For this I referred to this article.

To do this in colab, this is what I did:

Step 1:

!wget https://developer.download.nvidia.com/compute/cuda/11.8.0/local_installers/cuda-repo-ubuntu2204-11-8-local_11.8.0-520.61.05-1_amd64.deb

Step 2:

!sudo dpkg -i cuda-repo-ubuntu2204-11-8-local_11.8.0-520.61.05-1_amd64.deb

Step 3:

!sudo cp /var/cuda-repo-ubuntu2204-11-8-local/cuda-D95DBBE2-keyring.gpg /usr/share/keyrings/

Step 4:

!sudo apt-get update

Step 5:

!sudo apt-get install -y cuda-11-8

For this step you have to fill provide the language, I’m using English as my default so I entered “32”, then “1” for the dialect of english. There should be a little text box next to the terminal prompt, so click the area next to it and you should be able to type.

Step 6:

!echo 'export PATH=/usr/local/cuda-11.8/bin:$PATH' >> ~/.bashrc
!echo 'export LD_LIBRARY_PATH=/usr/local/cuda-11.8/lib64:$LD_LIBRARY_PATH' >> ~/.bashrc
!source ~/.bashrc

Step 7:

!ls /usr/local | grep cuda

This step is just a sanity check to see if Cuda 11.8 was installed.

Step 8:

!sudo ln -sf /usr/local/cuda-11.8 /usr/local/cuda

Step 9:

!ls -l /usr/local/cuda
!sudo update-alternatives --display cuda
!sudo update-alternatives --config cuda

This should be the expected output, for the last couple steps.

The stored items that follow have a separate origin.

lemma interpolatory_square_corners:
  assumes square: "interpolatory_square a b c d"
  shows "nonpos_rooted a" "nonpos_rooted b" "nonpos_rooted c" "nonpos_rooted d"
proof -
  note pencils = interpolatory_square_pencils[OF square]
    interpolatory_square_pencils[OF interpolatory_square_transpose[OF square]]
  show "nonpos_rooted a" "nonpos_rooted c"
    using nonpos_rooted_limit pencils by blast+
  show "nonpos_rooted b"
    using nonpos_rooted_limit[of b d] pencils by blast
  show "nonpos_rooted d"
    using nonpos_rooted_limit[of d b] nonpos_rooted_pencil_swap[of b d] pencils by blast
qed

lemma interpolatory_square_im_cross_nonneg:
  assumes square: "interpolatory_square a b c d"
  shows "im_cross_nonneg a b" "im_cross_nonneg ([:0, 1:] * b) a"
    "im_cross_nonneg c d" "im_cross_nonneg ([:0, 1:] * d) c"
  using im_cross_nonneg_if_pencils interpolatory_square_pencils[OF square]
    interpolatory_square_corners[OF square] by blast+

text \<open>A corner \<open>f \<noteq> 0\<close> with nonnegative cross terms against both summands shows that the sum has
  only nonpositive zeros. If there is no such corner, the sum is itself an interpolation of the
  square with all weights \<open>1\<close>.\<close>

lemma interpolatory_square_anti_diagonal:
  assumes square: "interpolatory_square a b c d"
  shows "nonpos_rooted (b + c)"
proof -
  note corners = interpolatory_square_corners[OF square]
  note cross = interpolatory_square_im_cross_nonneg[OF square]
    interpolatory_square_im_cross_nonneg[OF interpolatory_square_transpose[OF square]]
  consider "a \<noteq> 0" | "d \<noteq> 0" | "a = 0" "d = 0"
    by blast
  then show ?thesis
  proof cases
    case 1
    show ?thesis
      by (rule nonpos_rooted_add_if_im_cross_nonneg[OF corners(1) 1 corners(2,3) cross(1,5)])
  next
    case 2
    then show ?thesis
      using nonpos_rooted_add_if_im_cross_nonneg[OF nonpos_rooted_X_mult[OF corners(4)] _
          corners(2,3) cross(8,4)]
      by simp
  next
    case 3
    then show ?thesis
      using square[unfolded interpolatory_square_def, rule_format, of 1 1 1 1 False False]
      by (simp add: interp_pair_def add.commute)
  qed
qed

lemma interpolatory_square_diagonal:
  assumes square: "interpolatory_square a b c d"
  shows "nonpos_rooted (a + [:0, 1:] * d)"
proof -
  note corners = interpolatory_square_corners[OF square]
  note cross = interpolatory_square_im_cross_nonneg[OF square]
    interpolatory_square_im_cross_nonneg[OF interpolatory_square_transpose[OF square]]
  consider "b \<noteq> 0" | "c \<noteq> 0" | "b = 0" "c = 0"
    by blast
  then show ?thesis
  proof cases
    case 1
    then show ?thesis
      using nonpos_rooted_add_if_im_cross_nonneg[OF nonpos_rooted_X_mult[OF corners(2)] _ corners(1)
          nonpos_rooted_X_mult[OF corners(4)] cross(2) im_cross_nonneg_X_mult[OF cross(7)]]
      by simp
  next
    case 2
    then show ?thesis
      using nonpos_rooted_add_if_im_cross_nonneg[OF nonpos_rooted_X_mult[OF corners(3)] _ corners(1)
          nonpos_rooted_X_mult[OF corners(4)] cross(6) im_cross_nonneg_X_mult[OF cross(3)]]
      by simp
  next
    case 3
    then show ?thesis
      using square[unfolded interpolatory_square_def, rule_format, of 1 1 1 1 True False]
      by (simp add: interp_pair_def add.commute)
  qed
qed

lemma interpolatory_square_contract:
  assumes square: "interpolatory_square a b c d" and "l > 0" "r > 0"
  shows "nonpos_rooted (interp_pair e l r (a + [:0, 1:] * d) (b + c))"
proof -
  note cross = interpolatory_square_im_cross_nonneg[OF square]
    interpolatory_square_im_cross_nonneg[OF interpolatory_square_transpose[OF square]]
  note diagonals = interpolatory_square_diagonal[OF square] interpolatory_square_anti_diagonal[OF square]
  have "im_cross_nonneg (a + [:0, 1:] * d) (b + c)"
    by (intro im_cross_nonneg_add_left im_cross_nonneg_add_right cross)
  moreover have "im_cross_nonneg ([:0, 1:] * (b + c)) (a + [:0, 1:] * d)"
    unfolding distrib_left
    by (intro im_cross_nonneg_add_left im_cross_nonneg_add_right im_cross_nonneg_X_mult cross)
  ultimately show ?thesis
    using nonpos_rooted_pos_comb[OF diagonals _ \<open>r > 0\<close> \<open>l > 0\<close>]
      nonpos_rooted_pos_comb[OF nonpos_rooted_X_mult[OF diagonals(2)] diagonals(1) _ \<open>r > 0\<close> \<open>l > 0\<close>]
    by (cases e) (simp_all add: interp_pair_def add.commute)
qed

lemma interpolatory_cube_square:
  assumes cube: "interpolatory_cube k P" and "k \<ge> 2"
    and ls: "length ls = k - 2" "\<forall>a\<in>set ls. a > 0" and rs: "length rs = k - 2" "\<forall>a\<in>set rs. a > 0"
    and S: "S \<subseteq> {0..<k - 2}"
  defines "corner b c \<equiv> interp ls rs (flipS S (face (face P b) c))"
  shows "interpolatory_square (corner False False) (corner False True) (corner True False) (corner True True)"
  unfolding interpolatory_square_def
proof (intro allI impI)
  fix e1 e2 :: bool and l1 r1 l2 r2 :: real
  assume pos: "l1 > 0" "r1 > 0" "l2 > 0" "r2 > 0"
  define S2 where "S2 = (if e2 then {0} else {}) \<union> Suc ` S"
  define S1 where "S1 = (if e1 then {0} else {}) \<union> Suc ` S2"
  have "finite S"
    using S finite_subset by blast
  then have "finite S1" "finite S2"
    by (simp_all add: S1_def S2_def)
  have "S1 \<subseteq> {0..<k}"
    using S \<open>k \<ge> 2\<close> by (auto simp: S1_def S2_def)
  then have "nonpos_rooted (interp (l1 # l2 # ls) (r1 # r2 # rs) (flipS S1 P))"
    using cube pos ls rs \<open>k \<ge> 2\<close> unfolding interpolatory_cube_def nonpos_rooted_def
    by (auto simp del: interp.simps)
  moreover have "Suc -` S1 = S2" "Suc -` S2 = S" "0 \<in> S1 \<longleftrightarrow> e1" "0 \<in> S2 \<longleftrightarrow> e2"
    by (auto simp: S1_def S2_def)
  ultimately show "nonpos_rooted (interp_pair e1 l1 r1 (interp_pair e2 l2 r2 (corner False False)
      (corner False True)) (interp_pair e2 l2 r2 (corner True False) (corner True True)))"
    by (simp only: interp_flipS_Cons \<open>finite S1\<close> \<open>finite S2\<close> corner_def face_def)
qed
locale augmented_chain =
  fixes M :: "'x measure" and \<eta> :: "'i \<Rightarrow> 'x measure" and \<tau>I :: "'i \<Rightarrow> real"
    and T :: "'x \<times> 'i \<times> real \<Rightarrow> ('x \<times> 'i \<times> real) measure"
  assumes eta_prob: "\<And>I. prob_space (\<eta> I)"
    and eta_sets: "\<And>I. sets (\<eta> I) = sets M"
    and T_kernel: "T \<in> measurable (aug_space M) (prob_algebra (aug_space M))"
begin

abbreviation A :: "('x \<times> 'i \<times> real) measure" where
  "A \<equiv> aug_space M"

abbreviation QT :: "('x \<times> 'i \<times> real \<Rightarrow> real) \<Rightarrow> 'x \<times> 'i \<times> real \<Rightarrow> real" where
  "QT \<equiv> \<lambda>g. projQ \<eta> \<tau>I (kapply T g)"

lemma space_A: "space A = space M \<times> UNIV \<times> UNIV"
  by (simp add: aug_space_def space_pair_measure)

lemma space_eta: "space (\<eta> I) = space M"
  using eta_sets sets_eq_imp_space_eq by blast

lemma T_prob_algebra: "a \<in> space A \<Longrightarrow> T a \<in> space (prob_algebra A)"
  using measurable_space[OF T_kernel] .

lemma prob_space_T: "a \<in> space A \<Longrightarrow> prob_space (T a)"
  using T_prob_algebra by (simp add: space_prob_algebra)

lemma sets_T: "a \<in> space A \<Longrightarrow> sets (T a) = sets A"
  using T_prob_algebra by (simp add: space_prob_algebra)

lemma space_T: "a \<in> space A \<Longrightarrow> space (T a) = space A"
  using sets_T sets_eq_imp_space_eq by blast

lemma measurable_macrostate: "(\<lambda>a. G (fst (snd a)) :: real) \<in> borel_measurable A"
proof -
  have "(\<lambda>a. fst (snd a)) \<in> A \<rightarrow>\<^sub>M count_space UNIV"
    unfolding aug_space_def by measurable
  then show ?thesis
    by (rule measurable_compose) simp
qed

lemma measurable_at_macrostate: "(\<lambda>z. (z, I, t)) \<in> measurable (\<eta> I) A"
  unfolding aug_space_def
  by (rule measurable_Pair[OF measurable_ident_sets[OF eta_sets] measurable_const])
    (simp add: space_pair_measure)

definition bounded_measurable :: "('x \<times> 'i \<times> real \<Rightarrow> real) \<Rightarrow> bool" where
  "bounded_measurable f \<longleftrightarrow> f \<in> borel_measurable A \<and> (\<exists>c. \<forall>a\<in>space A. \<bar>f a\<bar> \<le> c)"

lemma bounded_measurable_add_scaled:
  assumes "bounded_measurable f" and "bounded_measurable g"
  shows "bounded_measurable (\<lambda>a. f a + c * g a)"
proof -
  obtain cf where f: "f \<in> borel_measurable A" "\<And>a. a \<in> space A \<Longrightarrow> \<bar>f a\<bar> \<le> cf"
    using assms(1) unfolding bounded_measurable_def by blast
  obtain cg where g: "g \<in> borel_measurable A" "\<And>a. a \<in> space A \<Longrightarrow> \<bar>g a\<bar> \<le> cg"
    using assms(2) unfolding bounded_measurable_def by blast
  have "\<bar>f a + c * g a\<bar> \<le> cf + \<bar>c\<bar> * cg" if "a \<in> space A" for a
  proof -
    have "\<bar>c * g a\<bar> \<le> \<bar>c\<bar> * cg"
      using g(2)[OF that] by (simp add: abs_mult mult_left_mono)
    then show ?thesis
      using f(2)[OF that] abs_triangle_ineq[of "f a" "c * g a"] by linarith
  qed
  moreover have "(\<lambda>a. f a + c * g a) \<in> borel_measurable A"
    using f(1) g(1) by measurable
  ultimately show ?thesis
    unfolding bounded_measurable_def by blast
qed

lemma bounded_measurable_zero: "bounded_measurable (\<lambda>a. 0)"
  unfolding bounded_measurable_def by auto

lemma bounded_measurable_sum:
  assumes "finite S" and "\<And>L. L \<in> S \<Longrightarrow> bounded_measurable (f L)"
  shows "bounded_measurable (\<lambda>a. \<Sum>L\<in>S. c L * f L a)"
  using assms
proof (induction S rule: finite_induct)
  case empty
  then show ?case
    by (simp add: bounded_measurable_zero)
next
  case (insert L S)
  then have "bounded_measurable (\<lambda>a. (\<Sum>L\<in>S. c L * f L a) + c L * f L a)"
    by (intro bounded_measurable_add_scaled) auto
  then show ?case
    using insert by (simp add: add.commute)
qed

lemma integral_kernel_bound:
  assumes "f \<in> borel_measurable A" and "\<And>b. b \<in> space A \<Longrightarrow> \<bar>f b\<bar> \<le> c" and "a \<in> space A"
  shows "integrable (T a) f" and "\<bar>kapply T f a\<bar> \<le> c"
proof -
  have meas: "f \<in> borel_measurable (T a)"
    using assms(1) measurable_cong_sets[OF sets_T[OF assms(3)] refl, of "borel :: real measure"] by simp
  have bound: "\<And>b. b \<in> space (T a) \<Longrightarrow> \<bar>f b\<bar> \<le> c"
    using assms(2) space_T[OF assms(3)] by simp
  show "integrable (T a) f" and "\<bar>kapply T f a\<bar> \<le> c"
    unfolding kapply_def
    using prob_space.bounded_measurable_integral[OF prob_space_T[OF assms(3)] meas bound] by auto
qed

lemma integral_eta_bound:
  fixes f :: "'x \<times> 'i \<times> real \<Rightarrow> real"
  assumes "f \<in> borel_measurable A" and "\<And>b. b \<in> space A \<Longrightarrow> \<bar>f b\<bar> \<le> c"
  shows "integrable (\<eta> I) (\<lambda>z. f (z, I, t))" and "\<bar>\<integral>z. f (z, I, t) \<partial>\<eta> I\<bar> \<le> c"
proof -
  have meas: "(\<lambda>z. f (z, I, t)) \<in> borel_measurable (\<eta> I)"
    using measurable_compose[OF measurable_at_macrostate assms(1)] by simp
  have bound: "\<And>z. z \<in> space (\<eta> I) \<Longrightarrow> \<bar>f (z, I, t)\<bar> \<le> c"
    using assms(2) by (simp add: space_eta space_A)
  show "integrable (\<eta> I) (\<lambda>z. f (z, I, t))" and "\<bar>\<integral>z. f (z, I, t) \<partial>\<eta> I\<bar> \<le> c"
    using prob_space.bounded_measurable_integral[OF eta_prob meas bound] by auto
qed

lemma integrable_kernel: "bounded_measurable f \<Longrightarrow> a \<in> space A \<Longrightarrow> integrable (T a) f"
  unfolding bounded_measurable_def using integral_kernel_bound(1) by blast

lemma integrable_eta: "bounded_measurable f \<Longrightarrow> integrable (\<eta> I) (\<lambda>z. f (z, I, t))"
  unfolding bounded_measurable_def using integral_eta_bound(1) by blast

text \<open>The kernel \<open>T\<close> is only specified on \<open>space A\<close>, so the operators below are linear
  only up to equality on \<open>space A\<close>.\<close>

definition eq_on_space :: "('x \<times> 'i \<times> real \<Rightarrow> real) \<Rightarrow> ('x \<times> 'i \<times> real \<Rightarrow> real) \<Rightarrow> bool" where
  "eq_on_space f g \<longleftrightarrow> (\<forall>a\<in>space A. f a = g a)"

lemma eq_on_space_trans [trans]: "eq_on_space f g \<Longrightarrow> eq_on_space g h \<Longrightarrow> eq_on_space f h"
  unfolding eq_on_space_def by auto

definition linear_op :: "(('x \<times> 'i \<times> real \<Rightarrow> real) \<Rightarrow> 'x \<times> 'i \<times> real \<Rightarrow> real) \<Rightarrow> bool" where
  "linear_op F \<longleftrightarrow>
     (\<forall>f. bounded_measurable f \<longrightarrow> bounded_measurable (F f)) \<and>
     (\<forall>f g. eq_on_space f g \<longrightarrow> eq_on_space (F f) (F g)) \<and>
     (\<forall>f g c. bounded_measurable f \<longrightarrow> bounded_measurable g \<longrightarrow>
        eq_on_space (F (\<lambda>a. f a + c * g a)) (\<lambda>a. F f a + c * F g a))"

lemma linear_opD:
  assumes "linear_op F"
  shows "bounded_measurable f \<Longrightarrow> bounded_measurable (F f)"
    and "eq_on_space f g \<Longrightarrow> eq_on_space (F f) (F g)"
    and "bounded_measurable f \<Longrightarrow> bounded_measurable g \<Longrightarrow>
      eq_on_space (F (\<lambda>a. f a + c * g a)) (\<lambda>a. F f a + c * F g a)"
  using assms unfolding linear_op_def by blast+

lemma linear_op_id: "linear_op id"
  unfolding linear_op_def eq_on_space_def by auto

lemma linear_op_comp:
  assumes F: "linear_op F" and G: "linear_op G"
  shows "linear_op (F \<circ> G)"
  unfolding linear_op_def comp_def
proof (intro conjI allI impI)
  fix f g :: "'x \<times> 'i \<times> real \<Rightarrow> real" and c :: real
  assume f: "bounded_measurable f" and g: "bounded_measurable g"
  have "eq_on_space (F (G (\<lambda>a. f a + c * g a))) (F (\<lambda>a. G f a + c * G g a))"
    using f g by (intro linear_opD[OF F] linear_opD[OF G])
  also have "eq_on_space \<dots> (\<lambda>a. F (G f) a + c * F (G g) a)"
    using f g by (intro linear_opD[OF F] linear_opD[OF G])
  finally show "eq_on_space (F (G (\<lambda>a. f a + c * g a))) (\<lambda>a. F (G f) a + c * F (G g) a)" .
qed (simp_all add: linear_opD[OF F] linear_opD[OF G])

lemma linear_op_funpow: "linear_op F \<Longrightarrow> linear_op (F ^^ k)"
  by (induction k) (simp_all add: linear_op_id linear_op_comp)

lemma linear_op_kapply: "linear_op (kapply T)"
  unfolding linear_op_def
proof (intro conjI allI impI)
  fix f assume "bounded_measurable f"
  then obtain c where f: "f \<in> borel_measurable A" "\<And>b. b \<in> space A \<Longrightarrow> \<bar>f b\<bar> \<le> c"
    unfolding bounded_measurable_def by blast
  have "kapply T f \<in> borel_measurable A"
    unfolding kapply_def
    by (rule measurable_compose[OF measurable_prob_algebraD[OF T_kernel]
          integral_measurable_subprob_algebra[OF f(1)]])
  then show "bounded_measurable (kapply T f)"
    using integral_kernel_bound(2)[OF f] unfolding bounded_measurable_def by blast
next
  fix f g :: "'x \<times> 'i \<times> real \<Rightarrow> real"
  assume "eq_on_space f g"
  then show "eq_on_space (kapply T f) (kapply T g)"
    unfolding eq_on_space_def kapply_def
    by (auto intro: Bochner_Integration.integral_cong simp: space_T)
next
  fix f g :: "'x \<times> 'i \<times> real \<Rightarrow> real" and c :: real
  assume f: "bounded_measurable f" and g: "bounded_measurable g"
  show "eq_on_space (kapply T (\<lambda>a. f a + c * g a)) (\<lambda>a. kapply T f a + c * kapply T g a)"
    using integrable_kernel[OF f] integrable_kernel[OF g] by (simp add: eq_on_space_def kapply_def)
qed

lemma projP_macrostate:
  "projP \<eta> \<tau>I f a = (\<integral>z. f (z, fst (snd a), \<tau>I (fst (snd a))) \<partial>\<eta> (fst (snd a)))"
  by (cases a) (simp add: projP_def)

lemma projP_cong: "eq_on_space f g \<Longrightarrow> projP \<eta> \<tau>I f = projP \<eta> \<tau>I g"
  unfolding eq_on_space_def projP_macrostate
  by (intro ext Bochner_Integration.integral_cong) (auto simp: space_eta space_A)

lemma projP_add_scaled:
  assumes "bounded_measurable f" and "bounded_measurable g"
  shows "projP \<eta> \<tau>I (\<lambda>a. f a + c * g a) = (\<lambda>a. projP \<eta> \<tau>I f a + c * projP \<eta> \<tau>I g a)"
  using integrable_eta[OF assms(1)] integrable_eta[OF assms(2)]
  by (simp add: fun_eq_iff projP_macrostate)

lemma bounded_measurable_projP:
  assumes "bounded_measurable f"
  shows "bounded_measurable (projP \<eta> \<tau>I f)"
proof -
  obtain c where f: "f \<in> borel_measurable A" "\<And>b. b \<in> space A \<Longrightarrow> \<bar>f b\<bar> \<le> c"
    using assms unfolding bounded_measurable_def by blast
  have "projP \<eta> \<tau>I f = (\<lambda>a. (\<lambda>I. \<integral>z. f (z, I, \<tau>I I) \<partial>\<eta> I) (fst (snd a)))"
    by (intro ext) (simp add: projP_macrostate)
  then have "projP \<eta> \<tau>I f \<in> borel_measurable A"
    using measurable_macrostate[of "\<lambda>I. \<integral>z. f (z, I, \<tau>I I) \<partial>\<eta> I"] by simp
  moreover have "\<bar>projP \<eta> \<tau>I f a\<bar> \<le> c" for a
    unfolding projP_macrostate by (rule integral_eta_bound(2)[OF f])
  ultimately show ?thesis
    unfolding bounded_measurable_def by blast
qed
(* Let $1\le k\le n-1$. Let $G_k$ be the network (of the type below) on $\{1,\dots,n\}$ whose links are exactly all pairs $\{a,b\}$ with $1\le a<b\le k$ (nodes $1,\dots,k$ form a mini fully connected network; nodes $k+1,\dots,n$ are isolated). Let $E$ be any set of $k$ unordered pairs of distinct nodes, none of which is a link of $G_k$, and let $G_k+E$ be the network with links those of $G_k$ together with $E$. Let $E^*=\{\{j,k+1\}:1\le j\le k\}$. Then $$\sum_{i=1}^n\Delta_i(G_k+E)\le\sum_{i=1}^n\Delta_i(G_k+E^* ),$$ where $G_k+E^*$ consists of a mini fully connected network on $\{1,\dots,k+1\}$ and $n-k-1$ isolated nodes.
   Context: Version-age model. A gossip network on a finite node set $\mathcal N$ is specified by source rates $\lambda_{0j}>0$ and gossip rates $\lambda_{ij}\ge 0$ ($i\neq j$; rate at which $i$ sends to $j$); $\lambda_s>0$ is the source's update rate. For nonempty $S\subseteq\mathcal N$ let $N(S)=\{i\in\mathcal N\setminus S:\ \sum_{j\in S}\lambda_{ij}>0\}$ and define $$\Delta_S=\frac{\lambda_s+\sum_{i\in N(S)}\big(\sum_{j\in S}\lambda_{ij}\big)\Delta_{S\cup\{i\}}}{\sum_{j\in S}\lambda_{0j}+\sum_{i\in N(S)}\sum_{j\in S}\lambda_{ij}}$$ (well defined by downward induction on $|S|$); $\Delta_i=\Delta_{\{i\}}$, and $\Delta_i(G)$ denotes this quantity in network $G$. Networks with uniform link rate: node set $\{1,\dots,n\}$, $\lambda_{0j}=\lambda/n$ for all $j$, and a set of links (unordered pairs of distinct nodes); for each link $\{a,b\}$, $\lambda_{ab}=\lambda_{ba}=\lambda/n$, and $\lambda_{ab}=0$ otherwise. A node with no links is isolated. *)

theory Defs
  imports Complex_Main
begin

text \<open>General version-age network: node set N, source rates l0 j, gossip rates l i j
  (rate at which i sends to j), source update rate ls.\<close>

definition nbr :: "'a set \<Rightarrow> ('a \<Rightarrow> 'a \<Rightarrow> real) \<Rightarrow> 'a set \<Rightarrow> 'a set" where
  "nbr N l S = {i \<in> N - S. (\<Sum>j\<in>S. l i j) > 0}"

text \<open>Downward recursion on |S|, with fuel = card N - card S.\<close>
fun dage :: "nat \<Rightarrow> 'a set \<Rightarrow> ('a \<Rightarrow> real) \<Rightarrow> ('a \<Rightarrow> 'a \<Rightarrow> real) \<Rightarrow> real \<Rightarrow> 'a set \<Rightarrow> real" where
  "dage 0 N l0 l ls S = ls / (\<Sum>j\<in>S. l0 j)"
| "dage (Suc m) N l0 l ls S =
     (ls + (\<Sum>i\<in>nbr N l S. (\<Sum>j\<in>S. l i j) * dage m N l0 l ls (insert i S)))
     / ((\<Sum>j\<in>S. l0 j) + (\<Sum>i\<in>nbr N l S. \<Sum>j\<in>S. l i j))"

definition Delta :: "'a set \<Rightarrow> ('a \<Rightarrow> real) \<Rightarrow> ('a \<Rightarrow> 'a \<Rightarrow> real) \<Rightarrow> real \<Rightarrow> 'a set \<Rightarrow> real" where
  "Delta N l0 l ls S = dage (card N - card S) N l0 l ls S"

definition unif_rate :: "nat \<Rightarrow> real \<Rightarrow> nat set set \<Rightarrow> nat \<Rightarrow> nat \<Rightarrow> real" where
  "unif_rate n lam L i j = (if i \<noteq> j \<and> {i, j} \<in> L then lam / real n else 0)"

definition Delta_i :: "nat \<Rightarrow> real \<Rightarrow> real \<Rightarrow> nat set set \<Rightarrow> nat \<Rightarrow> real" where
  "Delta_i n lam ls L i = Delta {1..n} (\<lambda>_. lam / real n) (unif_rate n lam L) ls {i}"

definition mini_full :: "nat \<Rightarrow> nat set set" where
  "mini_full k = {{a, b} | a b. 1 \<le> a \<and> a < b \<and> b \<le> k}"

definition star_edges :: "nat \<Rightarrow> nat set set" where
  "star_edges k = {{j, k + 1} | j. 1 \<le> j \<and> j \<le> k}"

end

theory Submission
  imports Defs "HOL-Analysis.Harmonic_Numbers"
begin

text \<open>
  Measured in units of \<open>n \<lambda>\<^sub>s / \<lambda>\<close>, the version ages obey a recursion whose
  coefficients are numbers of links. Comparing it with the recursion inside a clique of size
  \<open>k\<close> gives upper bounds for every set meeting the clique, and these are exact for an
  isolated clique, where the ages of its single nodes add up to the harmonic number
  \<open>harm k\<close>. Hence the right-hand side equals \<open>harm (k + 1) + (n - k - 1)\<close>.

  On the left, nodes untouched by \<open>E\<close> have age at most 1 and the clique contributes at most
  \<open>harm k\<close>. If \<open>E\<close> touches a single outside node, that node completes a clique of size
  \<open>k + 1\<close>. An outside node with \<open>d\<close> links has age at most \<open>(1 + d/2) / (1 + d)\<close>,
  and by convexity this suffices when \<open>E\<close> touches three or more outside nodes. With exactly
  two touched nodes one also uses that the clique nodes linked to them are younger; for
  \<open>k \<le> 6\<close> the resulting inequalities are checked on the exact values of the bounds.
\<close>

lemma average_with_recip_bounds:
  fixes c r V :: real
  assumes "0 < c" "0 \<le> r" "V \<le> 1 / c"
  shows "V \<le> (1 + r * V) / (c + r)" and "(1 + r * V) / (c + r) \<le> 1 / c"
proof -
  have cV: "c * V \<le> 1" using assms by (simp add: field_simps)
  show "V \<le> (1 + r * V) / (c + r)"
    using assms cV by (simp add: field_simps)
  have "r * (c * V) \<le> r" using cV assms(2) by (simp add: mult_left_le)
  then show "(1 + r * V) / (c + r) \<le> 1 / c"
    using assms by (simp add: field_simps)
qed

I did this step right before the second step of the compilation process, but you can do it at any time before optimization.
Note: For optimization level 1, you will need at least a calibration dataset of 64 images. For optimization level 2, you will need 1024 images.

trieut415 · January 19, 2025, 9:07pm

Forgot to mention, enter whatever number corresponding to cuda 11.8 in step 9 in the little pop up box, for me it was “1”.

trieut415 · January 20, 2025, 3:15pm

I got a series of errors after due to Colab not recognizing cublas. To solve this…

Step 1:

!apt-get update
!apt-get install -y libnvinfer8=8.5.2-1+cuda11.8 libnvinfer-dev=8.5.2-1+cuda11.8 libnvinfer-plugin8=8.5.2-1+cuda11.8
!apt-get install -y libcublas-11-8

Step 2:

!nvidia-smi
!sudo ln -sf /usr/local/cuda-11.8 /usr/local/cuda
!sudo ln -sf /usr/local/cuda-11.8/lib64/libcudart.so /usr/lib/x86_64-linux-gnu/libcudart.so
!sudo ln -sf /usr/local/cuda-11.8/lib64/libcublas.so /usr/lib/x86_64-linux-gnu/libcublas.so
!sudo ln -sf /usr/local/cuda-11.8/lib64/libcublasLt.so /usr/lib/x86_64-linux-gnu/libcublasLt.so
!sudo apt-get remove --purge -y libnvinfer10

Step 3:

!dpkg -l | grep nvinfer
!ls -l /usr/lib/x86_64-linux-gnu/libnvinfer*

Step 4:

!sudo apt-get autoremove -y
!sudo apt-get autoclean
!sudo apt-get install -y libnvinfer8=8.5.2-1+cuda11.8 libnvinfer-dev=8.5.2-1+cuda11.8 libnvinfer-plugin8=8.5.2-1+cuda11.8

Step 5:

!echo 'export PATH=/usr/local/cuda-11.8/bin${PATH:+:${PATH}}' >> ~/.bashrc
!echo 'export LD_LIBRARY_PATH=/usr/local/cuda-11.8/lib64${LD_LIBRARY_PATH:+:${LD_LIBRARY_PATH}}' >> ~/.bashrc
!source ~/.bashrc

Step 6:

!my_env/bin/pip install torch torchvision torchaudio --index-url https://download.pytorch.org/whl/cu118

Step 7:

!my_env/bin/pip uninstall scipy
!my_env/bin/pip install scipy==1.9.3

Step 8:

!my_env/bin/python optimize_model.py

After this and the steps above in my most recent reply, all of the warnings about GPU not being detected are gone, and it properly goes through the optimization process. It should look like this.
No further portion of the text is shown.